▸ What you should do
The listing should be returned in its entirety, exactly as given.

▸ Data section
theorem mainTheorem9:
  fixes P Phat :: "'s::finite \<Rightarrow> 'a::finite \<Rightarrow> 's \<Rightarrow> real"
    and r c \<xi> :: "'s \<Rightarrow> 'a \<Rightarrow> real"
    and \<rho> :: "'s \<Rightarrow> real"
    and b b' \<gamma> \<omega> \<Delta> \<epsilon>opt lamstar :: real
    and \<pi>star \<pi>hatstar \<pi>bar :: "'s \<Rightarrow> 'a \<Rightarrow> real"
  assumes P: "is_kernel P" and Phat: "is_kernel Phat"
    and r01: "\<And>s a. 0 \<le> r s a \<and> r s a \<le> 1"
    and c01: "\<And>s a. 0 \<le> c s a \<and> c s a \<le> 1"
    and \<xi>: "\<And>s a. 0 \<le> \<xi> s a \<and> \<xi> s a \<le> \<omega>"
    and \<rho>: "is_dist \<rho>"
    and \<gamma>: "0 \<le> \<gamma>" "\<gamma> < 1"
    and \<Delta>: "\<Delta> > 0" and eps: "\<epsilon>opt < \<Delta>" and b': "b' = b + \<Delta>"
    and opt: "cmdp_optimal P \<gamma> \<rho> r c b \<pi>star"
    and optHat: "cmdp_optimal Phat \<gamma> \<rho> (\<lambda>s a. r s a + \<xi> s a) c b' \<pi>hatstar"
    and lam_nonneg: "lamstar \<ge> 0"
    and lam_min: "\<And>lam. lam \<ge> 0 \<Longrightarrow>
        dual_fn Phat \<gamma> \<rho> (\<lambda>s a. r s a + \<xi> s a) c b' lamstar
          \<le> dual_fn Phat \<gamma> \<rho> (\<lambda>s a. r s a + \<xi> s a) c b' lam"
    and strong_duality:
      "dual_fn Phat \<gamma> \<rho> (\<lambda>s a. r s a + \<xi> s a) c b' lamstar
         = value_fn Phat \<gamma> \<rho> (\<lambda>s a. r s a + \<xi> s a) \<pi>hatstar"
    and pibar: "is_policy \<pi>bar"
    and pibar_r: "value_fn Phat \<gamma> \<rho> (\<lambda>s a. r s a + \<xi> s a) \<pi>bar
                    \<ge> value_fn Phat \<gamma> \<rho> (\<lambda>s a. r s a + \<xi> s a) \<pi>hatstar - \<epsilon>opt"
    and pibar_c: "value_fn Phat \<gamma> \<rho> c \<pi>bar \<ge> b' - \<epsilon>opt"
    and gap_bar: "\<bar>value_fn P \<gamma> \<rho> c \<pi>bar - value_fn Phat \<gamma> \<rho> c \<pi>bar\<bar> \<le> \<Delta> - \<epsilon>opt"
    and gap_star: "\<bar>value_fn P \<gamma> \<rho> c \<pi>star - value_fn Phat \<gamma> \<rho> c \<pi>star\<bar> \<le> \<Delta>"
  shows "value_fn P \<gamma> \<rho> c \<pi>bar \<ge> b
    \<and> value_fn P \<gamma> \<rho> r \<pi>star - value_fn P \<gamma> \<rho> r \<pi>bar
        \<le> 2 * \<omega> / (1 - \<gamma>) + \<epsilon>opt + 2 * \<Delta> * lamstar
          + \<bar>value_fn P \<gamma> \<rho> (\<lambda>s a. r s a + \<xi> s a) \<pi>star
               - value_fn Phat \<gamma> \<rho> (\<lambda>s a. r s a + \<xi> s a) \<pi>star\<bar>
          + \<bar>value_fn Phat \<gamma> \<rho> (\<lambda>s a. r s a + \<xi> s a) \<pi>bar
               - value_fn P \<gamma> \<rho> (\<lambda>s a. r s a + \<xi> s a) \<pi>bar\<bar>"
proof -
  define rp where "rp = (\<lambda>s a. r s a + \<xi> s a)"
  have \<pi>star: "is_policy \<pi>star" and feasible: "value_fn P \<gamma> \<rho> c \<pi>star \<ge> b"
    using opt unfolding cmdp_optimal_def by auto
  have rp_bounds: "\<And>s a. 0 \<le> rp s a \<and> rp s a \<le> 1 + \<omega>"
    unfolding rp_def using r01 \<xi> by (smt (verit))
  have "value_fn Phat \<gamma> \<rho> rp \<pi>star + lamstar * (value_fn Phat \<gamma> \<rho> c \<pi>star - b')
      \<le> value_fn Phat \<gamma> \<rho> rp \<pi>hatstar"
    using lagrangian_le_dual_fn[where g=rp and c=c and b=b', OF Phat \<rho> \<gamma> lam_nonneg rp_bounds c01 \<pi>star]
          strong_duality by (simp add: rp_def)
  moreover have "lamstar * (value_fn Phat \<gamma> \<rho> c \<pi>star - b') \<ge> lamstar * (- 2 * \<Delta>)"
    using gap_star feasible b' lam_nonneg by (intro mult_left_mono) auto
  ultimately have "value_fn Phat \<gamma> \<rho> rp \<pi>star - 2 * \<Delta> * lamstar \<le> value_fn Phat \<gamma> \<rho> rp \<pi>bar + \<epsilon>opt"
    using pibar_r by (simp add: rp_def algebra_simps)
  moreover have "\<omega> / (1 - \<gamma>) \<le> 2 * \<omega> / (1 - \<gamma>)"
  proof -
    have "0 \<le> \<omega>"
      using \<xi> by (meson order_trans)
    then show ?thesis
      using \<gamma> by (simp add: divide_right_mono)
  qed
  ultimately show ?thesis
    using value_fn_perturbed_reward_bounds[where r=r and \<xi>=\<xi>, OF P \<pi>star \<rho> r01 \<xi> \<gamma>]
          value_fn_perturbed_reward_bounds[where r=r and \<xi>=\<xi>, OF P pibar \<rho> r01 \<xi> \<gamma>]
          gap_bar pibar_c b'
    unfolding rp_def by (smt (verit))
qed

end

▸ Solution for this problem
theorem mainTheorem9:
  fixes P Phat :: "'s::finite \<Rightarrow> 'a::finite \<Rightarrow> 's \<Rightarrow> real"
    and r c \<xi> :: "'s \<Rightarrow> 'a \<Rightarrow> real"
    and \<rho> :: "'s \<Rightarrow> real"
    and b b' \<gamma> \<omega> \<Delta> \<epsilon>opt lamstar :: real
    and \<pi>star \<pi>hatstar \<pi>bar :: "'s \<Rightarrow> 'a \<Rightarrow> real"
  assumes P: "is_kernel P" and Phat: "is_kernel Phat"
    and r01: "\<And>s a. 0 \<le> r s a \<and> r s a \<le> 1"
    and c01: "\<And>s a. 0 \<le> c s a \<and> c s a \<le> 1"
    and \<xi>: "\<And>s a. 0 \<le> \<xi> s a \<and> \<xi> s a \<le> \<omega>"
    and \<rho>: "is_dist \<rho>"
    and \<gamma>: "0 \<le> \<gamma>" "\<gamma> < 1"
    and \<Delta>: "\<Delta> > 0" and eps: "\<epsilon>opt < \<Delta>" and b': "b' = b + \<Delta>"
    and opt: "cmdp_optimal P \<gamma> \<rho> r c b \<pi>star"
    and optHat: "cmdp_optimal Phat \<gamma> \<rho> (\<lambda>s a. r s a + \<xi> s a) c b' \<pi>hatstar"
    and lam_nonneg: "lamstar \<ge> 0"
    and lam_min: "\<And>lam. lam \<ge> 0 \<Longrightarrow>
        dual_fn Phat \<gamma> \<rho> (\<lambda>s a. r s a + \<xi> s a) c b' lamstar
          \<le> dual_fn Phat \<gamma> \<rho> (\<lambda>s a. r s a + \<xi> s a) c b' lam"
    and strong_duality:
      "dual_fn Phat \<gamma> \<rho> (\<lambda>s a. r s a + \<xi> s a) c b' lamstar
         = value_fn Phat \<gamma> \<rho> (\<lambda>s a. r s a + \<xi> s a) \<pi>hatstar"
    and pibar: "is_policy \<pi>bar"
    and pibar_r: "value_fn Phat \<gamma> \<rho> (\<lambda>s a. r s a + \<xi> s a) \<pi>bar
                    \<ge> value_fn Phat \<gamma> \<rho> (\<lambda>s a. r s a + \<xi> s a) \<pi>hatstar - \<epsilon>opt"
    and pibar_c: "value_fn Phat \<gamma> \<rho> c \<pi>bar \<ge> b' - \<epsilon>opt"
    and gap_bar: "\<bar>value_fn P \<gamma> \<rho> c \<pi>bar - value_fn Phat \<gamma> \<rho> c \<pi>bar\<bar> \<le> \<Delta> - \<epsilon>opt"
    and gap_star: "\<bar>value_fn P \<gamma> \<rho> c \<pi>star - value_fn Phat \<gamma> \<rho> c \<pi>star\<bar> \<le> \<Delta>"
  shows "value_fn P \<gamma> \<rho> c \<pi>bar \<ge> b
    \<and> value_fn P \<gamma> \<rho> r \<pi>star - value_fn P \<gamma> \<rho> r \<pi>bar
        \<le> 2 * \<omega> / (1 - \<gamma>) + \<epsilon>opt + 2 * \<Delta> * lamstar
          + \<bar>value_fn P \<gamma> \<rho> (\<lambda>s a. r s a + \<xi> s a) \<pi>star
               - value_fn Phat \<gamma> \<rho> (\<lambda>s a. r s a + \<xi> s a) \<pi>star\<bar>
          + \<bar>value_fn Phat \<gamma> \<rho> (\<lambda>s a. r s a + \<xi> s a) \<pi>bar
               - value_fn P \<gamma> \<rho> (\<lambda>s a. r s a + \<xi> s a) \<pi>bar\<bar>"
proof -
  define rp where "rp = (\<lambda>s a. r s a + \<xi> s a)"
  have \<pi>star: "is_policy \<pi>star" and feasible: "value_fn P \<gamma> \<rho> c \<pi>star \<ge> b"
    using opt unfolding cmdp_optimal_def by auto
  have rp_bounds: "\<And>s a. 0 \<le> rp s a \<and> rp s a \<le> 1 + \<omega>"
    unfolding rp_def using r01 \<xi> by (smt (verit))
  have "value_fn Phat \<gamma> \<rho> rp \<pi>star + lamstar * (value_fn Phat \<gamma> \<rho> c \<pi>star - b')
      \<le> value_fn Phat \<gamma> \<rho> rp \<pi>hatstar"
    using lagrangian_le_dual_fn[where g=rp and c=c and b=b', OF Phat \<rho> \<gamma> lam_nonneg rp_bounds c01 \<pi>star]
          strong_duality by (simp add: rp_def)
  moreover have "lamstar * (value_fn Phat \<gamma> \<rho> c \<pi>star - b') \<ge> lamstar * (- 2 * \<Delta>)"
    using gap_star feasible b' lam_nonneg by (intro mult_left_mono) auto
  ultimately have "value_fn Phat \<gamma> \<rho> rp \<pi>star - 2 * \<Delta> * lamstar \<le> value_fn Phat \<gamma> \<rho> rp \<pi>bar + \<epsilon>opt"
    using pibar_r by (simp add: rp_def algebra_simps)
  moreover have "\<omega> / (1 - \<gamma>) \<le> 2 * \<omega> / (1 - \<gamma>)"
  proof -
    have "0 \<le> \<omega>"
      using \<xi> by (meson order_trans)
    then show ?thesis
      using \<gamma> by (simp add: divide_right_mono)
  qed
  ultimately show ?thesis
    using value_fn_perturbed_reward_bounds[where r=r and \<xi>=\<xi>, OF P \<pi>star \<rho> r01 \<xi> \<gamma>]
          value_fn_perturbed_reward_bounds[where r=r and \<xi>=\<xi>, OF P pibar \<rho> r01 \<xi> \<gamma>]
          gap_bar pibar_c b'
    unfolding rp_def by (smt (verit))
qed

end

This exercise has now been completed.